19
Dec
By Eric Schweibenz
On December 14, 2011, ALJ Charles E. Bullock issued the public version of Order No. 28 (dated December 1, 2011) granting-in-part Complainants Creative Kingdoms, LLC and New Kingdoms, LLC’s (collectively, “Creative Kingdoms”) motion to compel discovery responses from Respondents Nintendo of America, Inc. and Nintendo Co., Ltd. (collectively, “Nintendo”) in Certain Video Game Systems and Wireless Controllers, and Components Thereof (Inv. No. 337-TA-770).

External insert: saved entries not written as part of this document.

text \<open>The W22 condition only provides d1 h as an indefinite integral of some g; Lebesgue
  differentiation identifies g with the pointwise derivative d2 h almost everywhere.\<close>
lemma W22_d2_ae:
  assumes "h \<in> W22"
  obtains g N where "negligible N" "(\<lambda>t. (norm (g t))\<^sup>2) integrable_on {0..1}"
    "\<And>t. t \<in> {0..1} - N \<Longrightarrow> (d1 h has_vector_derivative g t) (at t)"
proof -
  obtain g where g: "g absolutely_integrable_on {0..1}"
    and g2: "(\<lambda>t. (norm (g t))\<^sup>2) integrable_on {0..1}"
    and rep: "\<And>t. t \<in> {0..1} \<Longrightarrow> d1 h 0 + integral {0..t} g = d1 h t"
    using W22_d1_eq_integral[OF assms] by blast
  obtain N where N: "negligible N" and der: "\<And>t. t \<in> {0<..<1} - N \<Longrightarrow>
      ((\<lambda>t. integral {0..t} g) has_vector_derivative g t) (at t)"
    using indefinite_integral_has_vector_derivative_ae set_lebesgue_integral_eq_integral(1)[OF g]
    by blast
  have "(d1 h has_vector_derivative g t) (at t)" if t: "t \<in> {0..1} - insert 0 (insert 1 N)" for t
  proof (rule has_vector_derivative_transform_within_open[where S="{0<..<1}"])
    have "((\<lambda>t. d1 h 0 + integral {0..t} g) has_vector_derivative 0 + g t) (at t)"
      using t by (intro has_vector_derivative_add has_vector_derivative_const der) auto
    then show "((\<lambda>t. d1 h 0 + integral {0..t} g) has_vector_derivative g t) (at t)"
      by simp
  qed (use t rep in auto)
  with N g2 show ?thesis
    by (intro that[of "insert 0 (insert 1 N)" g]) auto
qed

lemma W22_scaleR:
  assumes "h \<in> W22"
  shows "(\<lambda>x. c *\<^sub>R h x) \<in> W22"
proof -
  obtain g where g: "g absolutely_integrable_on {0..1}"
    and g2: "(\<lambda>t. (norm (g t))\<^sup>2) integrable_on {0..1}"
    and rep: "\<And>t. t \<in> {0..1} \<Longrightarrow> d1 h 0 + integral {0..t} g = d1 h t"
    using W22_d1_eq_integral[OF assms] by blast
  have diff: "\<And>t. h differentiable (at t)"
    using assms by (rule W22_differentiable)
  have "(\<lambda>t. c *\<^sub>R g t) absolutely_integrable_on {0..1}"
    using g by (simp add: absolutely_integrable_on_scaleR_iff)
  moreover have "(\<lambda>t. (norm (c *\<^sub>R g t))\<^sup>2) integrable_on {0..1}"
    using integrable_on_cmult_left[OF g2, of "c\<^sup>2"] by (simp add: power_mult_distrib)
  moreover have "\<forall>t\<in>{0..1}. d1 (\<lambda>x. c *\<^sub>R h x) t
      = d1 (\<lambda>x. c *\<^sub>R h x) 0 + integral {0..t} (\<lambda>t. c *\<^sub>R g t)"
    using rep by (simp add: d1_scaleR[OF diff] flip: scaleR_add_right)
  ultimately have "\<exists>g. g absolutely_integrable_on {0..1} \<and> (\<lambda>t. (norm (g t))\<^sup>2) integrable_on {0..1}
      \<and> (\<forall>t\<in>{0..1}. d1 (\<lambda>x. c *\<^sub>R h x) t = d1 (\<lambda>x. c *\<^sub>R h x) 0 + integral {0..t} g)"
    by blast
  moreover have "(\<lambda>x. c *\<^sub>R h x) differentiable (at t)" for t
    using has_vector_derivative_scaleR_const[OF has_vector_derivative_d1[OF diff]]
    by (rule differentiableI_vector)
  moreover have "c *\<^sub>R h (t + 1) = c *\<^sub>R h t" for t
    using assms by (simp add: W22_def)
  ultimately show ?thesis
    unfolding W22_def by blast
qed

definition W22_integrand :: "curve \<Rightarrow> real \<Rightarrow> real" where
  "W22_integrand h t = (norm (h t))\<^sup>2 + (norm (d1 h t))\<^sup>2 + (norm (d2 h t))\<^sup>2"

lemma W22_norm_eq: "W22_norm h = sqrt (integral {0..1} (W22_integrand h))"
  unfolding W22_norm_def W22_integrand_def ..

lemma W22_integrand_integrable:
  assumes "h \<in> W22"
  shows "W22_integrand h integrable_on {0..1}"
proof -
  obtain g N where N: "negligible N" and g2: "(\<lambda>t. (norm (g t))\<^sup>2) integrable_on {0..1}"
    and der: "\<And>t. t \<in> {0..1} - N \<Longrightarrow> (d1 h has_vector_derivative g t) (at t)"
    using W22_d2_ae[OF assms] by blast
  have d2: "d2 h t = g t" if "t \<in> {0..1} - N" for t
    using der[OF that] by (rule d2_eqI)
  have h_cont: "continuous_on {0..1} h"
    using assms by (intro continuous_at_imp_continuous_on differentiable_imp_continuous_within
        ballI W22_differentiable)
  have "(\<lambda>t. (norm (h t))\<^sup>2 + (norm (d1 h t))\<^sup>2) integrable_on {0..1}"
    by (intro integrable_continuous_interval continuous_intros h_cont
        W22_d1_continuous_on[OF assms])
  then have "(\<lambda>t. (norm (h t))\<^sup>2 + (norm (d1 h t))\<^sup>2 + (norm (g t))\<^sup>2) integrable_on {0..1}"
    using g2 by (rule integrable_add)
  then show ?thesis
    by (rule integrable_spike[OF _ N]) (simp add: W22_integrand_def d2)
qed

lemma W22_norm_sq:
  assumes "h \<in> W22"
  shows "(W22_norm h)\<^sup>2 = integral {0..1} (W22_integrand h)"
  unfolding W22_norm_eq
  by (intro real_sqrt_pow2 integral_nonneg W22_integrand_integrable assms)
    (simp add: W22_integrand_def)

lemma W22_norm_nonneg: "h \<in> W22 \<Longrightarrow> 0 \<le> W22_norm h"
  by (metis W22_norm_sq W22_norm_eq real_sqrt_ge_zero zero_le_power2)

lemma W22_norm_scaleR:
  assumes "h \<in> W22"
  shows "W22_norm (\<lambda>x. c *\<^sub>R h x) = \<bar>c\<bar> * W22_norm h"
proof -
  obtain g N where N: "negligible N"
    and der: "\<And>t. t \<in> {0..1} - N \<Longrightarrow> (d1 h has_vector_derivative g t) (at t)"
    using W22_d2_ae[OF assms] by blast
  have diff: "\<And>t. h differentiable (at t)"
    using assms by (rule W22_differentiable)
  have "integral {0..1} (W22_integrand (\<lambda>x. c *\<^sub>R h x))
      = integral {0..1} (\<lambda>t. c\<^sup>2 * W22_integrand h t)"
  proof (rule integral_spike[OF N])
    fix t assume t: "t \<in> {0..1} - N"
    show "c\<^sup>2 * W22_integrand h t = W22_integrand (\<lambda>x. c *\<^sub>R h x) t"
      unfolding W22_integrand_def d1_scaleR[OF diff] d2_scaleR_eqI[OF diff der[OF t]]
        d2_eqI[OF der[OF t]]
      by (simp add: algebra_simps)
  qed
  also have "\<dots> = c\<^sup>2 * integral {0..1} (W22_integrand h)"
    by (rule Henstock_Kurzweil_Integration.integral_mult_right)
  finally show ?thesis
    unfolding W22_norm_eq by (simp add: real_sqrt_mult)
qed
(* Let $P, N_{\mathrm{RF}}, N, M$ be positive integers with $N_{\mathrm{RF}}P \le N$, and let $\bar{\mathbf{A}}\in\mathbb{C}^{N_{\mathrm{RF}}P\times N}$ be a deterministic matrix all of whose entries satisfy $|\bar{\mathbf{A}}(i,j)|=\frac{1}{\sqrt{N}}$. Fix $n\in\{1,\dots,N\}$ and let $\Xi_n(m)\in\{1,\dots,N\}$, $m=1,\dots,M$, be the beam split pattern indices defined in the context. Let $\sigma^2>0$ and let $\mathbf{N}\in\mathbb{C}^{N_{\mathrm{RF}}P\times M}$ be a random matrix whose columns $\mathbf{N}(:,m)$, $m=1,\dots,M$, are mutually independent with $\mathbf{N}(:,m)\sim\mathcal{CN}(\mathbf{0}_{PN_{\mathrm{RF}}},\sigma^2\mathbf{I}_{PN_{\mathrm{RF}}})$. Let $\alpha>0$ satisfy $0.8\,\alpha^{-1/2}e^{-\alpha/2}\le 1$, set $\gamma=\sigma^2\alpha$, and define the event $$\mathcal{D}=\left\{\left|\bar{\mathbf{A}}^{H}(:,\Xi_n(m))\,\mathbf{N}(:,m)\right|^2\le\gamma\ \text{ for all } m=1,2,\dots,M\right\},$$ where $\bar{\mathbf{A}}(:,k)$ denotes the $k$-th column of $\bar{\mathbf{A}}$. Then $$\Pr\{\mathcal{D}\}\ \ge\ \left(1-0.8\,\alpha^{-\frac{1}{2}}e^{-\frac{\alpha}{2}}\right)^{M}.$$
   Context: Setting: a wideband OFDM system with $M$ subcarriers, central frequency $f_c>0$ and bandwidth $B>0$; the $m$-th subcarrier frequency is $f_m=f_c+\frac{B}{M}\left(m-1-\frac{M-1}{2}\right)$. The angle-domain samples are $\bar{\theta}_{k}=\frac{2k-N-1}{N}$, $k=1,\dots,N$. For $n\in\{1,\dots,N\}$, the beam split pattern is the index set $\Xi_n=\bigcup_{m=1}^{M}\{(\Xi_n(m),m)\}$ where $\Xi_n(m)=\arg\min_{n_1\in\{1,\dots,N\}}\left|\frac{f_m}{f_c}\bar{\theta}_n-\bar{\theta}_{n_1}\right|$ (with any fixed tie-breaking rule). $\mathcal{CN}(\mathbf{0},\sigma^2\mathbf{I})$ denotes the circularly symmetric complex Gaussian distribution; $(\cdot)^H$ is conjugate transpose. *)

theory Defs
  imports "HOL-Probability.Probability"
begin

definition subcarrier_freq :: "real \<Rightarrow> real \<Rightarrow> nat \<Rightarrow> nat \<Rightarrow> real" where
  "subcarrier_freq fc B M m = fc + B / real M * (real m - 1 - (real M - 1) / 2)"

definition angle_sample :: "nat \<Rightarrow> nat \<Rightarrow> real" where
  "angle_sample N k = (2 * real k - real N - 1) / real N"

text \<open>Xi is a beam split pattern for index n: for every subcarrier m, Xi m is
  an arg-min (chosen by some fixed tie-breaking rule) over {1..N}.\<close>
definition is_beam_split_pattern ::
  "real \<Rightarrow> real \<Rightarrow> nat \<Rightarrow> nat \<Rightarrow> nat \<Rightarrow> (nat \<Rightarrow> nat) \<Rightarrow> bool" where
  "is_beam_split_pattern fc B M N n Xi \<longleftrightarrow>
     (\<forall>m\<in>{1..M}. Xi m \<in> {1..N} \<and>
        (\<forall>n1\<in>{1..N}.
           \<bar>subcarrier_freq fc B M m / fc * angle_sample N n - angle_sample N (Xi m)\<bar>
           \<le> \<bar>subcarrier_freq fc B M m / fc * angle_sample N n - angle_sample N n1\<bar>))"
(* For every semistandard hook-valued tableau $T$, the tableau $P(T)$ (the first component of the uncrowding map $\mathcal U(T)=(P(T),Q(T))$) is a set-valued tableau, i.e. a hook-valued tableau with arm excess $0$.
   Context: French notation: row $1$ is the bottom row, rows are numbered upward, columns from left to right; cell $(r,c)$ lies in row $r$ and column $c$. A semistandard tableau of hook shape $U$ consists of a hook entry $x$, a leg $\ell_1<\dots<\ell_p$ above $x$ with $x<\ell_1$, and an arm $a_1\le\dots\le a_q$ to the right of $x$ with $x\le a_1$ ($p,q\ge0$, positive integers). A (semistandard) hook-valued tableau (HVT) of partition shape $\lambda$ is a filling of the cells of $\lambda$ by such hook tableaux such that $\max(A)\le\min(B)$ whenever the cell of $A$ is left of the cell of $B$ in the same row, and $\max(A)<\min(C)$ whenever the cell of $A$ is below the cell of $C$ in the same column. Write $\mathsf H_T(r,c),\mathsf L_T(r,c),\mathsf A_T(r,c)$ for hook entry, leg, arm of cell $(r,c)$. Arm excess = total number of arm entries; a set-valued tableau is an HVT of arm excess $0$. Uncrowding bumping $\mathcal V_b$: if arm excess of $T$ is $0$, $\mathcal V_b(T)=T$. Otherwise let $c$ be the largest index of a column containing a cell with nonempty arm; among such cells in column $c$ let $(r,c)$ be the one whose arm contains the largest value. Let $a$ be the largest arm entry of $(r,c)$, $\ell$ its largest leg entry, and $(a,\ell]\cap\mathsf L_T(r,c)$ the set of leg entries $x$ of $(r,c)$ with $a<x\le\ell$. In column $c+1$ find the smallest entry $\ge a$. If none exists, attach a new empty cell on top of column $c+1$, with row $\tilde r$, and let $k$ be empty; otherwise let $k$ be this entry and $(\tilde r,c+1)$ its cell. (a) If $\tilde r\ne r$: remove $a$ from the arm of $(r,c)$, put $a$ in the position of $k$ in $(\tilde r,c+1)$ (as hook entry if the cell is new), append $k$ (if nonempty) to the arm of $(\tilde r,c+1)$. (b) If $\tilde r=r$: move $(a,\ell]\cap\mathsf L_T(r,c)$ from the leg of $(r,c)$ into the leg of $(r,c+1)$, remove $a$ from the arm of $(r,c)$, replace the hook entry of $(r,c+1)$ by $a$, and append $k$ (if nonempty) to the arm of $(r,c+1)$. Uncrowding insertion: $\mathcal V(T)=\mathcal V_b^d(T)$ where $d\ge1$ is minimal such that $\mathsf{shape}(\mathcal V_b^d(T))\neq\mathsf{shape}(\mathcal V_b^{d-1}(T))$ or $\mathcal V_b^d(T)=\mathcal V_b^{d-1}(T)$. Uncrowding map: for $T\in\mathsf{HVT}(\lambda)$ with arm excess $\alpha$, set $P_0=T$ and $Q_0$ the empty tableau of shape $\lambda/\lambda$; for $1\le i\le\alpha$ let $P_i=\mathcal V(P_{i-1})$, let $c$ be the index of the rightmost column of $P_{i-1}$ containing a cell with nonzero arm excess and $\tilde c$ the column of the cell $\mathsf{shape}(P_i)/\mathsf{shape}(P_{i-1})$; $Q_i$ is $Q_{i-1}$ with this cell added and filled with $\tilde c-c$. Then $\mathcal U(T)=(P(T),Q(T)):=(P_\alpha,Q_\alpha)$. *)

theory Defs
  imports Main "HOL-Library.Multiset"
begin
lemma delete_from_ranking_inj:
  assumes v: "v \<in> V"
  shows "inj_on (\<lambda>f. delete_from_ranking f v) {f \<in> linear_extensions V D. f v = k}"
proof (rule inj_onI, rule ext)
  fix f g x
  assume f: "f \<in> {f \<in> linear_extensions V D. f v = k}" and g: "g \<in> {f \<in> linear_extensions V D. f v = k}"
    and eq: "delete_from_ranking f v = delete_from_ranking g v"
  have bf: "bij_betw f V {1..card V}" and bg: "bij_betw g V {1..card V}"
    using f g by (auto dest: linear_extensionsD(1))
  show "f x = g x"
  proof (cases "x \<in> V - {v}")
    case True
    have k: "k \<in> {1..card V}" using f v bf by (auto dest: bij_betw_apply)
    have "f x \<noteq> k" "g x \<noteq> k"
      using inj_onD[OF bij_betw_imp_inj_on[OF bf], of x v] inj_onD[OF bij_betw_imp_inj_on[OF bg], of x v]
        True v f g by auto
    hence "f x \<in> {1..card V} - {k}" "g x \<in> {1..card V} - {k}"
      using True bf bg by (auto dest: bij_betw_apply)
    moreover have "close_gap k (f x) = close_gap k (g x)"
      using fun_cong[OF eq, of x] f g True by (simp add: delete_from_ranking_def)
    ultimately show ?thesis
      using bij_betw_imp_inj_on[OF close_gap_bij[OF k]] by (auto dest: inj_onD)
  next
    case False
    thus ?thesis using f g linear_extensionsD(3)[of f V D x] linear_extensionsD(3)[of g V D x] by auto
  qed
qed

lemma card_fixed_position_le_eps_delete:
  assumes G: "simple_graph V E" and D: "D \<in> acyclic_orientations E" and v: "v \<in> V"
  shows "card {f \<in> linear_extensions V D. f v = k} \<le> eps (V - {v}) (delete_vertex_edges E v)"
proof -
  have fin: "finite V" using G by (simp add: simple_graph_def)
  let ?L' = "linear_extensions (V - {v}) (restrict_orientation D v)"
  have "card {f \<in> linear_extensions V D. f v = k} \<le> card ?L'"
    using fin delete_from_ranking_inj[OF v] delete_from_ranking_linear_extension[OF fin v]
    by (intro card_inj_on_le[OF _ _ finite_linear_extensions]) auto
  also have "\<dots> \<le> eps (V - {v}) (delete_vertex_edges E v)"
    by (intro card_linear_extensions_le_eps simple_graph_delete_vertex G restrict_orientation_acyclic D)
  finally show ?thesis .
qed

section \<open>A vertex with a neighbour is not both a source and a sink\<close>

lemma connected_graph_has_neighbour:
  assumes "simple_graph V E" "connected_graph V E" "card V \<ge> 2" "v \<in> V"
  obtains y where "{v, y} \<in> E" and "y \<in> V"
proof -
  have "\<not> V \<subseteq> {v}"
  proof
    assume "V \<subseteq> {v}"
    hence "card V \<le> card {v}" by (intro card_mono) auto
    thus False using assms(3) by simp
  qed
  then obtain w where w: "w \<in> V" "w \<noteq> v" by blast
  have "(v, w) \<in> (adj_rel E)\<^sup>*" using assms(2,4) w by (simp add: connected_graph_def)
  then obtain y where "(v, y) \<in> adj_rel E" using w(2) by (blast elim: converse_rtranclE)
  hence vy: "{v, y} \<in> E" by (simp add: adj_rel_def)
  moreover have "y \<in> V" using vy assms(1) by (auto simp: simple_graph_def)
  ultimately show ?thesis using that by blast
qed

text \<open>If v lies on an edge, the arc on that edge either enters v, so v is never
  ranked first, or leaves v, so v is never ranked last.\<close>

lemma first_or_last_impossible:
  assumes D: "orientation E D" and vy: "{v, y} \<in> E" and v: "v \<in> V" and y: "y \<in> V"
  shows "{f \<in> linear_extensions V D. f v = 1} = {} \<or> {f \<in> linear_extensions V D. f v = card V} = {}"
proof -
  have rank: "f y \<in> {1..card V}" "f a < f b"
    if "f \<in> linear_extensions V D" "(a, b) \<in> D" "a \<in> {v, y}" "b \<in> {v, y}" for f a b
    using that v y linear_extensionsD[OF that(1)] by (auto simp: bij_betw_def)
  have "(v, y) \<in> D \<or> (y, v) \<in> D" using D vy unfolding orientation_def by blast
  thus ?thesis
  proof
    assume "(v, y) \<in> D"
    hence "{f \<in> linear_extensions V D. f v = card V} = {}" using rank by fastforce
    thus ?thesis ..
  next
    assume "(y, v) \<in> D"
    hence "{f \<in> linear_extensions V D. f v = 1} = {}" using rank by fastforce
    thus ?thesis ..
  qed
qed

text \<open>The per-vertex bound: for a vertex with a neighbour, the extensions ranking v
  first together with those ranking v last number at most eps of G with v deleted,
  because one of the two families is empty.\<close>

lemma first_plus_last_le_eps_delete:
  assumes G: "simple_graph V E" "connected_graph V E" "card V \<ge> 2"
    and D: "D \<in> acyclic_orientations E" and v: "v \<in> V"
  shows "card {f \<in> linear_extensions V D. f v = 1} + card {f \<in> linear_extensions V D. f v = card V}
           \<le> eps (V - {v}) (delete_vertex_edges E v)"
proof -
  obtain y where vy: "{v, y} \<in> E" and y: "y \<in> V"
    using connected_graph_has_neighbour[OF G v] .
  have "orientation E D" using D by (simp add: acyclic_orientations_def)
  from first_or_last_impossible[OF this vy v y]
  show ?thesis using card_fixed_position_le_eps_delete[OF G(1) D v]
    by (elim disjE) (simp_all only: card.empty add_0 add_0_right)
qed

theorem mainTheorem11:
  fixes V :: "'a set" and E :: "'a set set"
  assumes "simple_graph V E"
    and "connected_graph V E"
    and "card V \<ge> 2"
  shows "real (eps V E) \<le> (1/2) * (\<Sum>v\<in>V. real (eps (V - {v}) (delete_vertex_edges E v)))"
proof -
  have fin: "finite V" using assms(1) by (simp add: simple_graph_def)
  obtain D where D: "D \<in> acyclic_orientations E" and epsD: "eps V E = card (linear_extensions V D)"
    using eps_attained[OF assms(1)] .
  define first where "first v = card {f \<in> linear_extensions V D. f v = 1}" for v
  define last where "last v = card {f \<in> linear_extensions V D. f v = card V}" for v
  have "first v + last v \<le> eps (V - {v}) (delete_vertex_edges E v)" if "v \<in> V" for v
    unfolding first_def last_def by (rule first_plus_last_le_eps_delete[OF assms D that])
  hence "(\<Sum>v\<in>V. first v) + (\<Sum>v\<in>V. last v) \<le> (\<Sum>v\<in>V. eps (V - {v}) (delete_vertex_edges E v))"
    by (simp add: sum.distrib[symmetric] sum_mono)
  moreover have "eps V E = (\<Sum>v\<in>V. first v)" and "eps V E = (\<Sum>v\<in>V. last v)"
    using card_linear_extensions_by_position[OF fin, of 1 D]
      card_linear_extensions_by_position[OF fin, of "card V" D] assms(3)
    by (simp_all add: epsD first_def last_def)
  ultimately have "2 * eps V E \<le> (\<Sum>v\<in>V. eps (V - {v}) (delete_vertex_edges E v))" by linarith
  hence "real (2 * eps V E) \<le> real (\<Sum>v\<in>V. eps (V - {v}) (delete_vertex_edges E v))"
    by (simp only: of_nat_le_iff)
  thus ?thesis by (simp add: of_nat_sum)
qed

end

By way of background, this investigation was instituted on April 20, 2011 based on Creative Kingdom’s complaint.  The complaint alleged a violation of Section 337 by Nintendo for the importation into the U.S. and sale of certain video game systems and wireless controllers and components thereof including Nintendo’s Wii wireless game system and controllers.  See our March 23, 2011 and April 21, 2011 posts for more information.  

In its motion to compel, Creative Kingdoms’ sought production related to Nintendo’s pending patent applications and prosecution files.  Creative argued that Nintendo had only produced its public applications and prosecution histories, but that it was it was entitled to full discovery of all applications and files relating to the accused products. Creative Kingdoms argued that it was entitled to these documents because the applications were filed with declarations linking the patents to the commercial Wii system and because the applications include the same terms used Creative Kingdom’s patents.  Nintendo opposed the motion, arguing that it had already produced highly technical information as to the accused products and had provided and identified a variety of patent files and information.  As to the declarations, Nintendo asserted that the histories of the provided and identified patents contained declarations with the same statements regarding the commercial Wii system.  Nintendo indicated the only patent files not produced or identified as publicly available were unpublished applications neither discussing Creative Kingdom’s patents nor including the declaration.  The Commission Investigative Staff did not file a response.

In the Order, ALJ Bullock determined that Nintendo’s descriptions of its own products in its own patent applications were not relevant as to whether those products would infringe Creative Kingdom’s patents.  Thus, the ALJ stated that Creative Kingdoms had failed to show the information sought would be relevant in light of discovery already produced, with one exception.  ALJ Bullock determined that the pending patent applications and prosecution files might be relevant to the extent they discussed prior art asserted in the investigation.  The ALJ determined that Creative Kingdoms was entitled to establish whether Nintendo had taken a position during the patents’ prosecution which would be contrary to its position in the investigation.  Thus, ALJ Bullock granted Creative Kingdom’s motion in-part, ordering that any Nintendo patent applications and prosecution files containing statements as to prior art relied on by Nintendo in the investigation be produced.